Data for analysis Start Marker

lemma convolution_unit_left:
  assumes g: "tensor_valued_hom g" shows "convolution convolution_unit g h \<approx> g h"
proof -
  have "convolution convolution_unit g h
      = concat (map (\<lambda>(a, b). tensor_alpha (tensor_scale (\<epsilon> a) (g b))) (\<Delta> h))"
    unfolding convolution_def convolution_unit_eq tensor_scale_mult_left tensor_mult_one_left
      tensor_scale_alpha ..
  also have "\<dots> \<approx> concat (map (\<lambda>(a, b). g (\<alpha> (sH (\<epsilon> a) b))) (\<Delta> h))"
  proof (rule tensor2.concat_map, clarify)
    fix a b
    show "tensor_alpha (tensor_scale (\<epsilon> a) (g b)) \<approx> g (\<alpha> (sH (\<epsilon> a) b))"
      using tensor_valued_hom_alpha[OF g] tensor_alpha_cong[OF tensor_valued_hom_scale[OF g]]
      by (blast intro: tensor2.sym tensor2.trans)
  qed
  also have "\<dots> \<approx> g (sum_list (map (\<lambda>(a, b). \<alpha> (sH (\<epsilon> a) b)) (\<Delta> h)))"
    using tensor2.sym[OF tensor_valued_hom_sum_list[OF g, of "\<lambda>(a, b). \<alpha> (sH (\<epsilon> a) b)" "\<Delta> h"]]
    by (simp add: case_prod_unfold)
  also have "sum_list (map (\<lambda>(a, b). \<alpha> (sH (\<epsilon> a) b)) (\<Delta> h)) = h"
    using module_hom_sum_list[OF alpha_hom, of "\<lambda>(a, b). sH (\<epsilon> a) b" "\<Delta> h"] counit_left_inv[of h]
    by (simp add: case_prod_unfold inv_alpha alpha_alpha)
  finally show ?thesis .
qed

lemma tensor_mult_hom_left:
  assumes f: "tensor_valued_hom f"
  shows "tensor_mult (f (x + x')) Y \<approx> tensor_mult (f x) Y @ tensor_mult (f x') Y"
    and "tensor_mult (f 0) Y \<approx> []"
    and "tensor_mult (f (sH c x)) Y \<approx> tensor_scale c (tensor_mult (f x) Y)"
  using tensor_mult_cong_left[OF tensor_valued_hom_add[OF f]]
    tensor_mult_cong_left[OF tensor_valued_hom_zero[OF f]]
    tensor_mult_cong_left[OF tensor_valued_hom_scale[OF f]]
  by (simp_all add: tensor_mult_append_left tensor_scale_mult_left)

lemma tensor_mult_hom_right:
  assumes g: "tensor_valued_hom g"
  shows "tensor_mult X (g (y + y')) \<approx> tensor_mult X (g y) @ tensor_mult X (g y')"
    and "tensor_mult X (g 0) \<approx> []"
    and "tensor_mult X (g (sH c y)) \<approx> tensor_scale c (tensor_mult X (g y))"
  using tensor2.trans[OF tensor_mult_cong_right[OF tensor_valued_hom_add[OF g]] tensor_mult_append_right]
    tensor_mult_cong_right[OF tensor_valued_hom_zero[OF g]]
    tensor_mult_cong_right[OF tensor_valued_hom_scale[OF g]]
  by (simp_all add: tensor_scale_mult_right)

lemma tensor_mult_triple_trilinear:
  assumes f: "tensor_valued_hom f" and g: "tensor_valued_hom g" and k: "tensor_valued_hom k"
  shows "trilinear_upto (\<approx>) sH sH sH (\<lambda>x y z. tensor_mult (f x) (tensor_mult (g y) (k z)))"
proof -
  note inner = tensor_mult_cong_right[where X = "f x" for x]
  have scale_out: "tensor_mult (f x) (tensor_scale c Z) = tensor_scale c (tensor_mult (f x) Z)" for x c Z
    by (rule tensor_scale_mult_right)
  let ?T = "\<lambda>c x y z. tensor_scale c (tensor_mult (f x) (tensor_mult (g y) (k z)))"
  have scale1: "tensor_mult (f (sH c x)) (tensor_mult (g y) (k z)) \<approx> ?T c x y z" for c x y z
    by (rule tensor_mult_hom_left(3)[OF f])
  have scale2: "tensor_mult (f x) (tensor_mult (g (sH c y)) (k z)) \<approx> ?T c x y z" for c x y z
    using inner[OF tensor_mult_hom_left(3)[OF g]] by (simp add: scale_out)
  have scale3: "tensor_mult (f x) (tensor_mult (g y) (k (sH c z))) \<approx> ?T c x y z" for c x y z
    using inner[OF tensor_mult_hom_right(3)[OF k]] by (simp add: scale_out)
  show ?thesis
    unfolding trilinear_upto_def bilinear_upto_def
    using tensor_mult_hom_left(1,2)[OF f]
      tensor2.trans[OF inner[OF tensor_mult_hom_left(1)[OF g]] tensor_mult_append_right]
      tensor2.trans[OF inner[OF tensor_mult_hom_right(1)[OF k]] tensor_mult_append_right]
      inner[OF tensor_mult_hom_left(2)[OF g]] inner[OF tensor_mult_hom_right(2)[OF k]]
      tensor2.trans[OF scale1 tensor2.sym[OF scale2]] tensor2.trans[OF scale2 tensor2.sym[OF scale3]]
    by simp
qed

text \<open>Hom-associativity \<open>\<alpha>(a)(bc) = (ab)\<alpha>(c)\<close> in \<open>H \<otimes> H\<close> matches Hom-coassociativity
  \<open>\<alpha>(h\<^sub>1) \<otimes> h\<^sub>2\<^sub>1 \<otimes> h\<^sub>2\<^sub>2 = h\<^sub>1\<^sub>1 \<otimes> h\<^sub>1\<^sub>2 \<otimes> \<alpha>(h\<^sub>2)\<close>; the
  \<open>\<alpha>\<close>-equivariance of the factors absorbs the two twists.\<close>
lemma convolution_assoc:
  assumes f: "tensor_valued_hom f" and g: "tensor_valued_hom g" and k: "tensor_valued_hom k"
  shows "convolution f (convolution g k) h \<approx> convolution (convolution f g) k h"
proof -
  define \<Phi> where "\<Phi> = (\<lambda>x y z. tensor_mult (f (\<alpha> x)) (tensor_mult (g y) (k z)))"
  have "convolution f (convolution g k) h
      \<approx> concat (map (\<lambda>(a, b). concat (map (\<lambda>(c, d). tensor_mult (f a) (tensor_mult (g c) (k d))) (\<Delta> b))) (\<Delta> h))"
    unfolding convolution_def
    by (rule tensor2.concat_map) (auto simp: case_prod_unfold intro: tensor_mult_concat_right)
  also have "\<dots> = concat (map (\<lambda>(x, y, z). \<Phi> x y z)
      (concat (map (\<lambda>(a, b). map (\<lambda>(x, y). (\<alpha> a, x, y)) (\<Delta> b)) (\<Delta> h))))"
    by (simp add: \<Phi>_def map_concat concat_concat comp_def case_prod_unfold alpha_alpha)
  also have "\<dots> \<approx> concat (map (\<lambda>(x, y, z). \<Phi> x y z)
      (concat (map (\<lambda>(a, b). map (\<lambda>(x, y). (x, y, \<alpha> b)) (\<Delta> a)) (\<Delta> h))))"
    unfolding \<Phi>_def
    by (rule tensor2.trilinear_upto_lift[OF tensor_mult_triple_trilinear[OF tensor_valued_hom_comp_alpha[OF f] g k]
          coassoc])
  also have "\<dots> = concat (map (\<lambda>(a, b). concat (map (\<lambda>(x, y).
      tensor_mult (f (\<alpha> x)) (tensor_mult (g y) (k (\<alpha> b)))) (\<Delta> a))) (\<Delta> h))"
    by (simp add: \<Phi>_def map_concat concat_concat comp_def case_prod_unfold)
  also have "\<dots> \<approx> concat (map (\<lambda>(a, b). concat (map (\<lambda>(x, y).
      tensor_mult (tensor_alpha (f x)) (tensor_mult (g y) (tensor_alpha (k b)))) (\<Delta> a))) (\<Delta> h))"
    by (intro tensor2.concat_map)
      (auto simp: case_prod_unfold
        intro!: tensor2.concat_map tensor_mult_cong tensor_mult_cong_right tensor_valued_hom_alpha f k)
  also have "\<dots> = convolution (convolution f g) k h"
    by (simp add: convolution_def tensor_mult_concat_left case_prod_unfold tensor_mult_assoc)
  finally show ?thesis .
qed

definition antipode_flip :: "('h \<times> 'h) list \<Rightarrow> ('h \<times> 'h) list" where
  "antipode_flip X = map (\<lambda>(a, b). (S b, S a)) X"

lemma antipode_flip_cong: "X \<approx> Y \<Longrightarrow> antipode_flip X \<approx> antipode_flip Y"
  unfolding antipode_flip_def by (rule tensor_eq2_map_swap[OF antipode_hom antipode_hom])

lemma antipode_flip_scale: "antipode_flip (tensor_scale c X) \<approx> tensor_scale c (antipode_flip X)"
proof (induction X)
  case (Cons x X)
  obtain a b where x: "x = (a, b)" by (cases x)
  have "[(S b, S (sH c a))] @ antipode_flip (tensor_scale c X) \<approx> [(sH c (S b), S a)] @ tensor_scale c (antipode_flip X)"
    by (rule tensor2.append[OF _ Cons]) (simp add: antipode_linear tensor2.sym[OF t2_bal])
  then show ?case by (simp add: x antipode_flip_def tensor_scale_def)
qed (simp add: antipode_flip_def tensor_scale_def tensor2.refl)

lemma tensor_valued_hom_antipode_flip: "tensor_valued_hom (\<lambda>h. antipode_flip (\<Delta> h))"
  unfolding tensor_valued_hom_def
proof (intro conjI allI)
  fix x y show "antipode_flip (\<Delta> (x + y)) \<approx> antipode_flip (\<Delta> x) @ antipode_flip (\<Delta> y)"
    using antipode_flip_cong[OF comult_add] by (simp add: antipode_flip_def)
next
  fix c x show "antipode_flip (\<Delta> (sH c x)) \<approx> tensor_scale c (antipode_flip (\<Delta> x))"
    using tensor2.trans[OF antipode_flip_cong[OF tensor_valued_hom_scale[OF tensor_valued_hom_comult]]
        antipode_flip_scale] .
next
  fix x show "antipode_flip (\<Delta> (\<alpha> x)) \<approx> tensor_alpha (antipode_flip (\<Delta> x))"
    using antipode_flip_cong[OF tensor_valued_hom_alpha[OF tensor_valued_hom_comult]]
    by (simp add: antipode_flip_def tensor_alpha_def case_prod_unfold comp_def antipode_alpha)
qed

lemma tensor_valued_hom_comult_antipode: "tensor_valued_hom (\<lambda>h. \<Delta> (S h))"
  using tensor_valued_hom_comult unfolding tensor_valued_hom_def by (simp add: antipode_linear antipode_alpha)

lemma convolution_comult_antipode_comult: "convolution (\<lambda>h. \<Delta> (S h)) \<Delta> h \<approx> convolution_unit h"
proof -
  have "convolution (\<lambda>h. \<Delta> (S h)) \<Delta> h \<approx> concat (map (\<lambda>(a, b). \<Delta> (mulH (S a) b)) (\<Delta> h))"
    unfolding convolution_def
    by (rule tensor2.concat_map) (auto simp: tensor_mult_def intro: tensor2.sym[OF comult_mult])
  also have "\<dots> \<approx> \<Delta> (sum_list (map (\<lambda>(a, b). mulH (S a) b) (\<Delta> h)))"
    using tensor2.sym[OF tensor_valued_hom_sum_list[OF tensor_valued_hom_comult,
          of "\<lambda>(a, b). mulH (S a) b" "\<Delta> h"]]
    by (simp add: case_prod_unfold)
  also have "\<dots> \<approx> tensor_scale (\<epsilon> h) (\<Delta> oneH)"
    unfolding antipode_left by (rule tensor_valued_hom_scale[OF tensor_valued_hom_comult])
  also have "\<dots> \<approx> convolution_unit h"
    unfolding convolution_unit_eq by (rule tensor_scale_cong[OF comult_one])
  finally show ?thesis .
qed

lemma tensor_mult_single_trilinear:
  assumes g: "tensor_valued_hom g"
  shows "trilinear_upto (\<approx>) sH sH sH (\<lambda>x y z. tensor_mult [(x, y)] (g z))"
proof -
  have "tensor_mult [(x, sH c y)] (g z) \<approx> tensor_mult [(x, y)] (g (sH c z))" for c x y z
  proof -
    have "tensor_mult [(x, sH c y)] (g z) \<approx> tensor_mult [(sH c x, y)] (g z)"
      using tensor_mult_single_bilinear unfolding bilinear_upto_def by (blast intro: tensor2.sym)
    also have "tensor_mult [(sH c x, y)] (g z) = tensor_scale c (tensor_mult [(x, y)] (g z))"
      using tensor_scale_mult_left[of c "[(x, y)]" "g z"] by (simp add: tensor_scale_def)
    finally show ?thesis using tensor2.sym[OF tensor_mult_hom_right(3)[OF g]] by (rule tensor2.trans)
  qed
  then show ?thesis
    unfolding trilinear_upto_def using tensor_mult_single_bilinear tensor_mult_hom_right[OF g] by blast
qed

lemma tensor_antipode_right: "map (\<lambda>(x, y). (Q, \<alpha> (mulH x (S y)))) (\<Delta> a) \<approx> [(Q, sH (\<epsilon> a) oneH)]"
proof -
  have "sum_list (map (\<lambda>(x, y). \<alpha> (mulH x (S y))) (\<Delta> a)) = sH (\<epsilon> a) oneH"
    using module_hom_sum_list[OF alpha_hom, of "\<lambda>(x, y). mulH x (S y)" "\<Delta> a"] antipode_right[of a]
    by (simp add: case_prod_unfold alpha_linear alpha_one)
  then show ?thesis
    using tensor_eq2_collect_right[of sH sH Q "\<lambda>w. \<alpha> (mulH (fst w) (S (snd w)))" "\<Delta> a"]
    by (simp add: case_prod_unfold)
qed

Data for analysis End Marker

== Work to complete ==
Using the data above, reproduce exactly the lines between those holding "concat_concat comp_def case_prod_unfold)" and "tensor_mult (tensor_alpha (f", inclusive, and no others.

== Solution to this exercise ==
    by (simp add: \<Phi>_def map_concat concat_concat comp_def case_prod_unfold)
  also have "\<dots> \<approx> concat (map (\<lambda>(a, b). concat (map (\<lambda>(x, y).
      tensor_mult (tensor_alpha (f x)) (tensor_mult (g y) (tensor_alpha (k b)))) (\<Delta> a))) (\<Delta> h))"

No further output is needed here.